# Sampson Cay, Bahamas



## bluemarlin (Apr 28, 2008)

This is where we sat a few days ago.


----------



## spaceman (Apr 28, 2008)

What did you catch? Do any diving?


----------



## bluemarlin (Apr 28, 2008)

Dolphin, Wahoo, & 1 small blue marlin that we foul hooked then pulled the hook. 
Then diving, my buddy dragged me behind the boat with a mask and snorkel and I found a new conch hole that was loaded. I love fresh cracked conch! We eat good and live right...


----------



## DRB1313 (Apr 28, 2008)

I think I would be doin some sittin too.


----------



## bluemarlin (Apr 28, 2008)

Couple more shots. 
I recommend this island to all.

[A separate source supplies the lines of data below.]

lemma good_square_horizontal:
  assumes lam: "young lam" and mu: "young mu" and sub: "lam \<subseteq> mu" "lam \<subseteq> nu"
    and H_nu: "nu - lam = {(k, l), (k, Suc l)}" and H_mu: "mu - lam = {(k, l), (k, Suc l)}"
  shows "good_square 0 lam mu nu (local_rule 0 lam mu nu)"
proof -
  define S where "S = lam \<union> {(k, l), (k, Suc l)}"
  define c where "c = row_len S (Suc k)"
  let ?N = "{(Suc k, Suc c), (Suc k, Suc (Suc c))}"
  have mu_eq: "mu = S" and nu_eq: "nu = S" using sub H_nu H_mu unfolding S_def by blast+
  have S: "young S" using mu mu_eq by simp
  have out: "(k, l) \<notin> lam" using H_mu by blast
  have pos: "1 \<le> k" "1 \<le> l" using young_pos[OF S, of k l] by (auto simp: S_def)
  have "lam \<noteq> mu" using out mu_eq S_def by blast
  then have rho: "local_rule 0 lam mu nu = S \<union> ?N"
    using local_rule_horizontal[OF _ H_nu H_mu] unfolding S_def[symmetric] c_def[symmetric] by simp
  have "c < l"
  proof (rule ccontr)
    assume "\<not> c < l"
    then have "(Suc k, l) \<in> S" using young_row_mem[OF S, of "Suc k" l] pos by (simp add: c_def)
    then have "(Suc k, l) \<in> lam" by (simp add: S_def)
    then show False using young_down[OF lam, of "Suc k" l k l] pos out by simp
  qed
  have "(i, c + 2) \<in> S" if "1 \<le> i" "i < Suc k" for i
    using young_down[OF S, of k "Suc l" i "c + 2"] \<open>c < l\<close> that by (simp add: S_def)
  then have "young (S \<union> ?N)"
    using young_add_row_domino[OF S, of "Suc k"] unfolding c_def[symmetric] by simp
  moreover have new: "(S \<union> ?N) - S = ?N"
    using young_row_mem[OF S, of "Suc k"] by (auto simp: c_def)
  ultimately show ?thesis
    using vert_counts_horizontal[OF new] vert_counts_horizontal[OF H_mu[unfolded mu_eq]]
      domino_step_horizontal[OF Un_upper1 new]
    unfolding good_square_def square_balanced_def mu_eq nu_eq rho[unfolded mu_eq nu_eq] by simp
qed

lemma good_square_proper:
  assumes lam: "young lam" and mu: "young mu" and nu: "young nu"
    and lam_mu: "domino_step lam mu" and lam_nu: "domino_step lam nu"
    and "lam \<noteq> mu" "lam \<noteq> nu"
  shows "good_square 0 lam mu nu (local_rule 0 lam mu nu)"
proof (cases "(nu - lam) \<inter> (mu - lam) = {}")
  case True
  then show ?thesis using good_square_disjoint[OF mu nu lam_mu lam_nu assms(6,7)] by simp
next
  case False
  have sub: "lam \<subseteq> mu" "lam \<subseteq> nu" using lam_mu lam_nu unfolding domino_step_def by auto
  obtain k l where N: "nu - lam = {(k, l), (Suc k, l)} \<or> nu - lam = {(k, l), (k, Suc l)}"
    using domino_step_cases[OF lam_nu \<open>lam \<noteq> nu\<close>] by blast
  obtain k' l' where M: "mu - lam = {(k', l'), (Suc k', l')} \<or> mu - lam = {(k', l'), (k', Suc l')}"
    using domino_step_cases[OF lam_mu \<open>lam \<noteq> mu\<close>] by blast
  have "(k', l') = (k, l)" by (rule domino_corners_agree[OF mu nu N M False])
  with M have M: "mu - lam = {(k, l), (Suc k, l)} \<or> mu - lam = {(k, l), (k, Suc l)}" by simp
  from N M show ?thesis
  proof (elim disjE)
    assume "nu - lam = {(k, l), (Suc k, l)}" "mu - lam = {(k, l), (Suc k, l)}"
    then show ?thesis by (rule good_square_vertical[OF lam mu sub])
  next
    assume "nu - lam = {(k, l), (Suc k, l)}" "mu - lam = {(k, l), (k, Suc l)}"
    then show ?thesis by (rule good_square_corner[OF lam mu nu sub])
  next
    assume "nu - lam = {(k, l), (k, Suc l)}" "mu - lam = {(k, l), (Suc k, l)}"
    then have "good_square 0 lam nu mu (local_rule 0 lam nu mu)"
      by (intro good_square_corner[OF lam nu mu sub(2,1)])
    then show ?thesis by (simp add: good_square_swap local_rule_sym)
  next
    assume "nu - lam = {(k, l), (k, Suc l)}" "mu - lam = {(k, l), (k, Suc l)}"
    then show ?thesis by (rule good_square_horizontal[OF lam mu sub])
  qed
qed

lemma good_square_local_rule:
  assumes lam: "young lam" and mu: "young mu" and nu: "young nu"
    and lam_mu: "domino_step lam mu" and lam_nu: "domino_step lam nu"
    and m: "m \<in> {-1, 0, 1}" and nonzero: "m \<noteq> 0 \<Longrightarrow> mu = lam \<and> nu = lam"
  shows "good_square m lam mu nu (local_rule m lam mu nu)"
proof -
  consider "m = 1" | "m = -1" | "m = 0" "lam = mu" | "m = 0" "lam = nu" | "m = 0" "lam \<noteq> mu" "lam \<noteq> nu"
    using m by auto
  then show ?thesis
  proof cases
    case 1
    then show ?thesis using nonzero good_square_plus[OF lam] by simp
  next
    case 2
    then show ?thesis using nonzero good_square_minus[OF lam] by simp
  next
    case 3
    then show ?thesis using good_square_unchanged_below[OF nu lam_nu] by simp
  next
    case 4
    then show ?thesis using good_square_unchanged_below[OF mu lam_mu]
      by (simp add: good_square_swap local_rule_sym)
  next
    case 5
    then show ?thesis using good_square_proper[OF lam mu nu lam_mu lam_nu] by simp
  qed
qed

section \<open>Growth diagrams\<close>

lemma grow_boundary: "i \<le> 1 \<or> j \<le> 1 \<Longrightarrow> grow r p i j = staircase r"
  by (cases "(r, p, i, j)" rule: grow.cases) auto

lemma grow_Suc_Suc:
  "1 \<le> i \<Longrightarrow> 1 \<le> j \<Longrightarrow> grow r p (Suc i) (Suc j) =
     local_rule (Mentry p i j) (grow r p i j) (grow r p (Suc i) j) (grow r p i (Suc j))"
  by (cases i; cases j) auto

definition row_free :: "(nat \<Rightarrow> int) \<Rightarrow> nat \<Rightarrow> nat \<Rightarrow> bool" where
  "row_free p i j \<longleftrightarrow> (\<forall>j'. 1 \<le> j' \<and> j' < j \<longrightarrow> Mentry p i j' = 0)"

definition col_free :: "(nat \<Rightarrow> int) \<Rightarrow> nat \<Rightarrow> nat \<Rightarrow> bool" where
  "col_free p i j \<longleftrightarrow> (\<forall>i'. 1 \<le> i' \<and> i' < i \<longrightarrow> Mentry p i' j = 0)"

lemma Mentry_cases: "Mentry p i j \<in> {-1, 0, 1}"
  unfolding Mentry_def by auto

lemma Mentry_nonzero_free:
  assumes p: "p \<in> signed_perms n" and j: "1 \<le> j" and M: "Mentry p i j \<noteq> 0"
  shows "row_free p i j \<and> col_free p i j"
proof
  have pi: "nat \<bar>p i\<bar> = j" using M j unfolding Mentry_def by (auto split: if_splits)
  then show "row_free p i j" unfolding row_free_def Mentry_def by auto
  have inj: "inj_on (\<lambda>i. nat \<bar>p i\<bar>) {1..n}" and supp: "\<And>i. p i \<noteq> 0 \<Longrightarrow> i \<in> {1..n}"
    using p unfolding signed_perms_def bij_betw_def by blast+
  show "col_free p i j" unfolding col_free_def
  proof (intro allI impI)
    fix i' assume i': "1 \<le> i' \<and> i' < i"
    show "Mentry p i' j = 0"
    proof (rule ccontr)
      assume "Mentry p i' j \<noteq> 0"
      then have "nat \<bar>p i'\<bar> = j" using j unfolding Mentry_def by (auto split: if_splits)
      with pi j have "p i \<noteq> 0" "p i' \<noteq> 0" "nat \<bar>p i'\<bar> = nat \<bar>p i\<bar>" by auto
      then have "i' = i" using inj_onD[OF inj] supp by blast
      then show False using i' by simp
    qed
  qed
qed

text \<open>The partition at \<open>(i, j)\<close> only depends on the entries of \<open>M\<close> strictly above and to the
  left; the last two clauses say that an empty row or column segment contributes nothing.\<close>
definition grow_wf :: "nat \<Rightarrow> (nat \<Rightarrow> int) \<Rightarrow> nat \<Rightarrow> nat \<Rightarrow> bool" where
  "grow_wf r p i j \<longleftrightarrow> young (grow r p i j)
     \<and> domino_step (grow r p (i - 1) j) (grow r p i j) \<and> domino_step (grow r p i (j - 1)) (grow r p i j)
     \<and> (row_free p (i - 1) j \<longrightarrow> grow r p i j = grow r p (i - 1) j)
     \<and> (col_free p i (j - 1) \<longrightarrow> grow r p i j = grow r p i (j - 1))"

lemma good_square_grow_step:
  assumes p: "p \<in> signed_perms n" and ij: "1 \<le> i" "1 \<le> j"
    and lam: "young (grow r p i j)" and below: "grow_wf r p (Suc i) j" and right: "grow_wf r p i (Suc j)"
  shows "good_square (Mentry p i j) (grow r p i j) (grow r p (Suc i) j) (grow r p i (Suc j))
           (grow r p (Suc i) (Suc j))"
proof -
  have "Mentry p i j \<noteq> 0 \<Longrightarrow> grow r p (Suc i) j = grow r p i j \<and> grow r p i (Suc j) = grow r p i j"
    using Mentry_nonzero_free[OF p ij(2)] below right unfolding grow_wf_def by auto
  then show ?thesis
    using good_square_local_rule[OF lam _ _ _ _ Mentry_cases] below right
    unfolding grow_wf_def grow_Suc_Suc[OF ij] by auto
qed

lemma grow_wf_all: "p \<in> signed_perms n \<Longrightarrow> grow_wf r p i j"
proof (induction r p i j rule: grow.induct)
  case (1 r p i j)
  let ?lam = "grow r p (Suc i) (Suc j)" and ?mu = "grow r p (Suc (Suc i)) (Suc j)"
    and ?nu = "grow r p (Suc i) (Suc (Suc j))" and ?m = "Mentry p (Suc i) (Suc j)"
  have below: "grow_wf r p (Suc (Suc i)) (Suc j)" and right: "grow_wf r p (Suc i) (Suc (Suc j))"
    using 1 by blast+
  have "young ?lam" using 1 unfolding grow_wf_def by blast
  then have square: "good_square ?m ?lam ?mu ?nu (grow r p (Suc (Suc i)) (Suc (Suc j)))"
    using good_square_grow_step[OF "1.prems" _ _ _ below right] by simp
  have "row_free p (Suc i) (Suc (Suc j)) \<Longrightarrow> ?m = 0 \<and> ?mu = ?lam"
    using below unfolding row_free_def grow_wf_def by auto
  moreover have "col_free p (Suc (Suc i)) (Suc j) \<Longrightarrow> ?m = 0 \<and> ?nu = ?lam"
    using right unfolding col_free_def grow_wf_def by auto
  ultimately show ?case
    using square local_rule_unchanged_below[of ?lam ?nu] local_rule_sym[of 0 ?lam ?mu ?lam]
      local_rule_unchanged_below[of ?lam ?mu]
    unfolding grow_wf_def good_square_def by auto
qed (auto simp: grow_wf_def young_staircase domino_step_refl)

lemma young_grow: "p \<in> signed_perms n \<Longrightarrow> young (grow r p i j)"
  using grow_wf_all unfolding grow_wf_def by blast

lemma domino_step_grow_down: "p \<in> signed_perms n \<Longrightarrow> domino_step (grow r p i j) (grow r p (Suc i) j)"
  using grow_wf_all[of p n r "Suc i" j] unfolding grow_wf_def by simp

lemma domino_step_grow_right: "p \<in> signed_perms n \<Longrightarrow> domino_step (grow r p i j) (grow r p i (Suc j))"
  using grow_wf_all[of p n r i "Suc j"] unfolding grow_wf_def by simp

lemma good_square_grow:
  "p \<in> signed_perms n \<Longrightarrow> 1 \<le> i \<Longrightarrow> 1 \<le> j \<Longrightarrow>
    good_square (Mentry p i j) (grow r p i j) (grow r p (Suc i) j) (grow r p i (Suc j))
      (grow r p (Suc i) (Suc j))"
  using good_square_grow_step young_grow grow_wf_all by blast

lemma involution_cases:
  assumes "is_involution n p" "i \<in> {1..n}"
  obtains "p i = int i" | "p i = - int i"
    | l where "l \<in> {1..n}" "l \<noteq> i" "p i = int l" "p l = int i"
    | l where "l \<in> {1..n}" "l \<noteq> i" "p i = - int l" "p l = - int i"
  using assms unfolding is_involution_def by blast

lemma involution_swap:
  assumes p: "p \<in> signed_perms n" and inv: "is_involution n p" and j: "1 \<le> j"
  shows "(p i = int j \<longrightarrow> p j = int i) \<and> (p i = - int j \<longrightarrow> p j = - int i)"
proof (cases "p i = 0")
  case False
  then have "i \<in> {1..n}" using p unfolding signed_perms_def by blast
  then show ?thesis using j by (cases rule: involution_cases[OF inv]) auto
qed (use j in auto)

lemma involution_Mentry_sym:
  assumes "p \<in> signed_perms n" "is_involution n p" "1 \<le> i" "1 \<le> j"
  shows "Mentry p i j = Mentry p j i"
proof -
  have "p i = int j \<longleftrightarrow> p j = int i" "p i = - int j \<longleftrightarrow> p j = - int i"
    using involution_swap[OF assms(1,2,3), of j] involution_swap[OF assms(1,2,4), of i] by blast+
  then show ?thesis unfolding Mentry_def by simp
qed

lemma grow_sym:
  assumes "\<And>i j. 1 \<le> i \<Longrightarrow> 1 \<le> j \<Longrightarrow> Mentry p i j = Mentry p j i"
  shows "grow r p i j = grow r p j i"
  using assms
proof (induction r p i j rule: grow.induct)
  case (1 r p i j)
  have "grow r p (Suc i) (Suc j) = grow r p (Suc j) (Suc i)"
    and "grow r p (Suc (Suc i)) (Suc j) = grow r p (Suc j) (Suc (Suc i))"
    and "grow r p (Suc i) (Suc (Suc j)) = grow r p (Suc (Suc j)) (Suc i)"
    using 1 by blast+
  moreover have "Mentry p (Suc i) (Suc j) = Mentry p (Suc j) (Suc i)" using "1.prems" by simp
  ultimately show ?case by (simp only: grow.simps local_rule_sym)
qed simp_all

section \<open>Counting vertical dominoes\<close>

lemma sum_grid_telescope:
  fixes H V c :: "nat \<Rightarrow> nat \<Rightarrow> 'a::ab_group_add"
  assumes "1 \<le> a" "1 \<le> b"
    and square: "\<And>i j. 1 \<le> i \<Longrightarrow> i < a \<Longrightarrow> 1 \<le> j \<Longrightarrow> j < b \<Longrightarrow>
      H (Suc i) j - H i j = V i j - V i (Suc j) + c i j"
  shows "(\<Sum>j = 1..<b. H a j) - (\<Sum>j = 1..<b. H 1 j)
    = (\<Sum>i = 1..<a. V i 1) - (\<Sum>i = 1..<a. V i b) + (\<Sum>i = 1..<a. \<Sum>j = 1..<b. c i j)"
proof -
  have row: "(\<Sum>j = 1..<b. V i j - V i (Suc j)) = V i 1 - V i b" for i
  proof -
    have "(\<Sum>j = 1..<b. V i j - V i (Suc j)) = - (\<Sum>j = 1..<b. V i (Suc j) - V i j)"
      by (simp add: sum_negf[symmetric])
    then show ?thesis using sum_Suc_diff'[OF \<open>1 \<le> b\<close>, of "V i"] by simp
  qed
  have "(\<Sum>j = 1..<b. H a j) - (\<Sum>j = 1..<b. H 1 j)
      = (\<Sum>i = 1..<a. (\<Sum>j = 1..<b. H (Suc i) j) - (\<Sum>j = 1..<b. H i j))"
    using sum_Suc_diff'[OF \<open>1 \<le> a\<close>, of "\<lambda>i. \<Sum>j = 1..<b. H i j"] by simp
  also have "\<dots> = (\<Sum>i = 1..<a. \<Sum>j = 1..<b. V i j - V i (Suc j) + c i j)"
    using square by (simp add: sum_subtractf[symmetric])
  also have "\<dots> = (\<Sum>i = 1..<a. V i 1 - V i b + (\<Sum>j = 1..<b. c i j))"
    by (simp only: sum.distrib row)
  finally show ?thesis by (simp add: sum.distrib sum_subtractf)
qed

They have a website. www.SampsonCayClub.com
Beautiful private island...


----------



## rip18 (Apr 28, 2008)

Great shots!  Wish I was there!!!  Thanks for sharing!


----------



## Hoss (Apr 28, 2008)

Looks like a good place to sit.  Thanks for sharing em.

Hoss


----------



## JasonF (Apr 28, 2008)

Thats what I'm talking about!  Thanks for sharing those!


----------



## westcobbdog (Apr 28, 2008)

awesome photos!


----------



## Meriwether_Stalker22 (Apr 28, 2008)

It's hard to describe how beautiful the water is down there.........these make me want to go back......soon!


----------



## Slim1218 (Apr 30, 2008)

You really know how to make a person jealous  Beautiful shots.


----------